PROBLEM
Please reproduce, exactly and with nothing else, every line from the one containing "D) \<le> Sup" through the last line of the records below.

(Saved entries)
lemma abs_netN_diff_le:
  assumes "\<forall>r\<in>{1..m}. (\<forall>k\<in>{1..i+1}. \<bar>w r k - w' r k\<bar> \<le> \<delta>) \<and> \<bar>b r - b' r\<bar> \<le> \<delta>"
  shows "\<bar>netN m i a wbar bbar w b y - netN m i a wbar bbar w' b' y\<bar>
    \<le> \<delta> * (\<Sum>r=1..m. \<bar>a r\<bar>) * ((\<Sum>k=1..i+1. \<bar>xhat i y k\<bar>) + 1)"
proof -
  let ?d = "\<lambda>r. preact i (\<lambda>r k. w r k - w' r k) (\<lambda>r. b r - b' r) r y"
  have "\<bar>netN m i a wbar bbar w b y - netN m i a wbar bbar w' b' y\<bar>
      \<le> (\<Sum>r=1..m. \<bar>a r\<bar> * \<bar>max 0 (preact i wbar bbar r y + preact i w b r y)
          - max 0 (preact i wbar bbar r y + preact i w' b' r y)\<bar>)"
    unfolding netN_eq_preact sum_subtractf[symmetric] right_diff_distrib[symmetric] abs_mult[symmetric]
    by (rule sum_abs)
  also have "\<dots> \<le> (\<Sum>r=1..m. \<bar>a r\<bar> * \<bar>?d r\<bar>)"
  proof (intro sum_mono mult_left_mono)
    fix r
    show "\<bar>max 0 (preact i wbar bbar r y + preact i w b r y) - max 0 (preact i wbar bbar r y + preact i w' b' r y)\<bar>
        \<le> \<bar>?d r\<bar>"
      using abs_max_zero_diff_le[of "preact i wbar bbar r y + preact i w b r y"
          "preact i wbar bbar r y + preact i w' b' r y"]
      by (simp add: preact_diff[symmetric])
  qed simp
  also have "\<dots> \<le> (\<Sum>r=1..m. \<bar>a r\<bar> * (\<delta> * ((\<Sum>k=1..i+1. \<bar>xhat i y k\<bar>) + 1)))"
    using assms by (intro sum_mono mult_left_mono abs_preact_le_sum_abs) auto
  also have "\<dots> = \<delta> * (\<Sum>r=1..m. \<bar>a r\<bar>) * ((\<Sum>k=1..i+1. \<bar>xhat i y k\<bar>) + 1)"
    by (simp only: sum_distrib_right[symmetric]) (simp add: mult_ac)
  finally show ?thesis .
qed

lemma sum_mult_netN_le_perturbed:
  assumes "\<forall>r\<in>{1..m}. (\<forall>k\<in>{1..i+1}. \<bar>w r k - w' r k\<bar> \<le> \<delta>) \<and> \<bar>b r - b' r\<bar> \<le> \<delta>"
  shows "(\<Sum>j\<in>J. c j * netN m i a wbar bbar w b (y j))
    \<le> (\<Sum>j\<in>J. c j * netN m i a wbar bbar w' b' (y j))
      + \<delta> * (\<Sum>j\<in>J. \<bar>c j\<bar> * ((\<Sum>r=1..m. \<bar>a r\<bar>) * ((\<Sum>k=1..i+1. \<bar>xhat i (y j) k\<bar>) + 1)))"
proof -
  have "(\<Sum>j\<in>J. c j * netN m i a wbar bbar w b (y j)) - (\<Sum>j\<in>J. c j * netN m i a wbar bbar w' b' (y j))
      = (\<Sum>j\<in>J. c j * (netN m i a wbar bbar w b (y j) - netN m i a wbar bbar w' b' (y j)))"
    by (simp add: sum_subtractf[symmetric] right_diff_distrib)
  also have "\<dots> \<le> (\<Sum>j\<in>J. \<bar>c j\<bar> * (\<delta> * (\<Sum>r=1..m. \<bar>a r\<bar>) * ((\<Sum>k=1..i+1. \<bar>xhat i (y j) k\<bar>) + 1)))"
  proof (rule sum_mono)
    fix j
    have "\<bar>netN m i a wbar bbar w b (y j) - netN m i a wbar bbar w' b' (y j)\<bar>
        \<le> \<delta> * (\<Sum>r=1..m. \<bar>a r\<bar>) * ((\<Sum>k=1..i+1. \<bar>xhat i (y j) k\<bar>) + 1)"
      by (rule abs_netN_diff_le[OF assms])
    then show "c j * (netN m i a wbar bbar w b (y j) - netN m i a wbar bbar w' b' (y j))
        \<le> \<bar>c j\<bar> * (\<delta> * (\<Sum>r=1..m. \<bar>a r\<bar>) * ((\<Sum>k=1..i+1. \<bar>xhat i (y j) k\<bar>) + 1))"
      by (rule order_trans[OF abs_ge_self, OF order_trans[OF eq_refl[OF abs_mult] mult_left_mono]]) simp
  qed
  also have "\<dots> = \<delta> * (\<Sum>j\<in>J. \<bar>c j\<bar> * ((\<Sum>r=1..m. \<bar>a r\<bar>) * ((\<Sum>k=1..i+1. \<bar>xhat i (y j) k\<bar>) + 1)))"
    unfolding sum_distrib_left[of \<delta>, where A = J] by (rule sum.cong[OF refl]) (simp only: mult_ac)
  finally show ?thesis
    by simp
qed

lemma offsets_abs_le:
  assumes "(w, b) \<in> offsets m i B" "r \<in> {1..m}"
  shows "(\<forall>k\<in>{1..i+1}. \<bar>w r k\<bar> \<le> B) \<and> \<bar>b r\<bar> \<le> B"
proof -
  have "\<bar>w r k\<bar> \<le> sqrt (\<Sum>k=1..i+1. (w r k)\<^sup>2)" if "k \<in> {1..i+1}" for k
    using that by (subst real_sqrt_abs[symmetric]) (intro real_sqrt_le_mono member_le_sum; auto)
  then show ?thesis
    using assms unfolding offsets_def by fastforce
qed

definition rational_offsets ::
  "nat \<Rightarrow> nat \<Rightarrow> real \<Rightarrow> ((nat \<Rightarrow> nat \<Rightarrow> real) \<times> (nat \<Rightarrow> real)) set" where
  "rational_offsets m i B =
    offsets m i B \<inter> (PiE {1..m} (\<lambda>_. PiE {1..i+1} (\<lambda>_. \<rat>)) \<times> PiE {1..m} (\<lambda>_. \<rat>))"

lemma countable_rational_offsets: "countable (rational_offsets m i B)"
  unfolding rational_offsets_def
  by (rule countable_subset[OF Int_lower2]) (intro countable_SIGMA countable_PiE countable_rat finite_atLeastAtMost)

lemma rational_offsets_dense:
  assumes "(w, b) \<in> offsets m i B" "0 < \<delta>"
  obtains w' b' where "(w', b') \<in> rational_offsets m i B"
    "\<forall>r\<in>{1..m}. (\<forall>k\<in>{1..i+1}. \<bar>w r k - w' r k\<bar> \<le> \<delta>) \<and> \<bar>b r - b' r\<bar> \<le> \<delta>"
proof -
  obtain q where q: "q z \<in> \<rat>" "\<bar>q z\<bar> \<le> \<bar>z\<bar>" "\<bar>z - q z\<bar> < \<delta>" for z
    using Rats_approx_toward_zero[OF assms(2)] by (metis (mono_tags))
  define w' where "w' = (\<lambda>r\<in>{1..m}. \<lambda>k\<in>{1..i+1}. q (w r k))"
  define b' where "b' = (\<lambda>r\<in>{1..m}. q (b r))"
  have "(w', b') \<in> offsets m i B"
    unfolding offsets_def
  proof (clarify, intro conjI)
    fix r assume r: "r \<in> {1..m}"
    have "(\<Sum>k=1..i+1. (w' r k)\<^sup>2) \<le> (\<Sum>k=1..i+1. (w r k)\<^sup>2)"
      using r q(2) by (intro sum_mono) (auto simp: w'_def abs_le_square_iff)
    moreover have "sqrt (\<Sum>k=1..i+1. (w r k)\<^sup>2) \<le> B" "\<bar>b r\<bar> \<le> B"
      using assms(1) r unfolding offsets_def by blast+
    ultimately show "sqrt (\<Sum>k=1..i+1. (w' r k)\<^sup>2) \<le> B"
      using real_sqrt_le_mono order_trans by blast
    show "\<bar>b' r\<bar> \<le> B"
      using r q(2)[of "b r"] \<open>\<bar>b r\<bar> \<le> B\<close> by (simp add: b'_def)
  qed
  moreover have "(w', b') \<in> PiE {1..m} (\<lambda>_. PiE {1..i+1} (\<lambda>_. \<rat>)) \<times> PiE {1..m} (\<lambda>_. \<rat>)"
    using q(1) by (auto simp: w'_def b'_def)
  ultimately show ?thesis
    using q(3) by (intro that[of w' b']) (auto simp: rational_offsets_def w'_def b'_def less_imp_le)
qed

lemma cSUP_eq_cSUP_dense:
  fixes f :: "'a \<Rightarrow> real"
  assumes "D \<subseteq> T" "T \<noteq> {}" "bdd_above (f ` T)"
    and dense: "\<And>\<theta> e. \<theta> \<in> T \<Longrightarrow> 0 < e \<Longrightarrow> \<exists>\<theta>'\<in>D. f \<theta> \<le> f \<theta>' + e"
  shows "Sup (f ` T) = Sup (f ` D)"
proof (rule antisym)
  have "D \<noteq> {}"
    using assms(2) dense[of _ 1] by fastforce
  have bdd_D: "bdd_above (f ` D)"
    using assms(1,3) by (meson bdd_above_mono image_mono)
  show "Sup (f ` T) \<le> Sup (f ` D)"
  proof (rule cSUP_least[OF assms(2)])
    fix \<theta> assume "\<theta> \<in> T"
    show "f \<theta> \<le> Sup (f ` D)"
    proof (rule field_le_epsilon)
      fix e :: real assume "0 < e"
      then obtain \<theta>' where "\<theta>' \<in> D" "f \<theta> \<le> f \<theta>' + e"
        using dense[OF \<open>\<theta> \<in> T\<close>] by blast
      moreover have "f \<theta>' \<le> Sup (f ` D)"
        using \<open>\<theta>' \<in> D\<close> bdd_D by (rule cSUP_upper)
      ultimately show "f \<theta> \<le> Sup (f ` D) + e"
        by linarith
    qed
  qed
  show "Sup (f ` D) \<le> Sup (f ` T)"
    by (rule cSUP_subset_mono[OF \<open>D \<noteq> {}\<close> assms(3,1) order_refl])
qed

TASK SOLUTION
  show "Sup (f ` D) \<le> Sup (f ` T)"
    by (rule cSUP_subset_mono[OF \<open>D \<noteq> {}\<close> assms(3,1) order_refl])
qed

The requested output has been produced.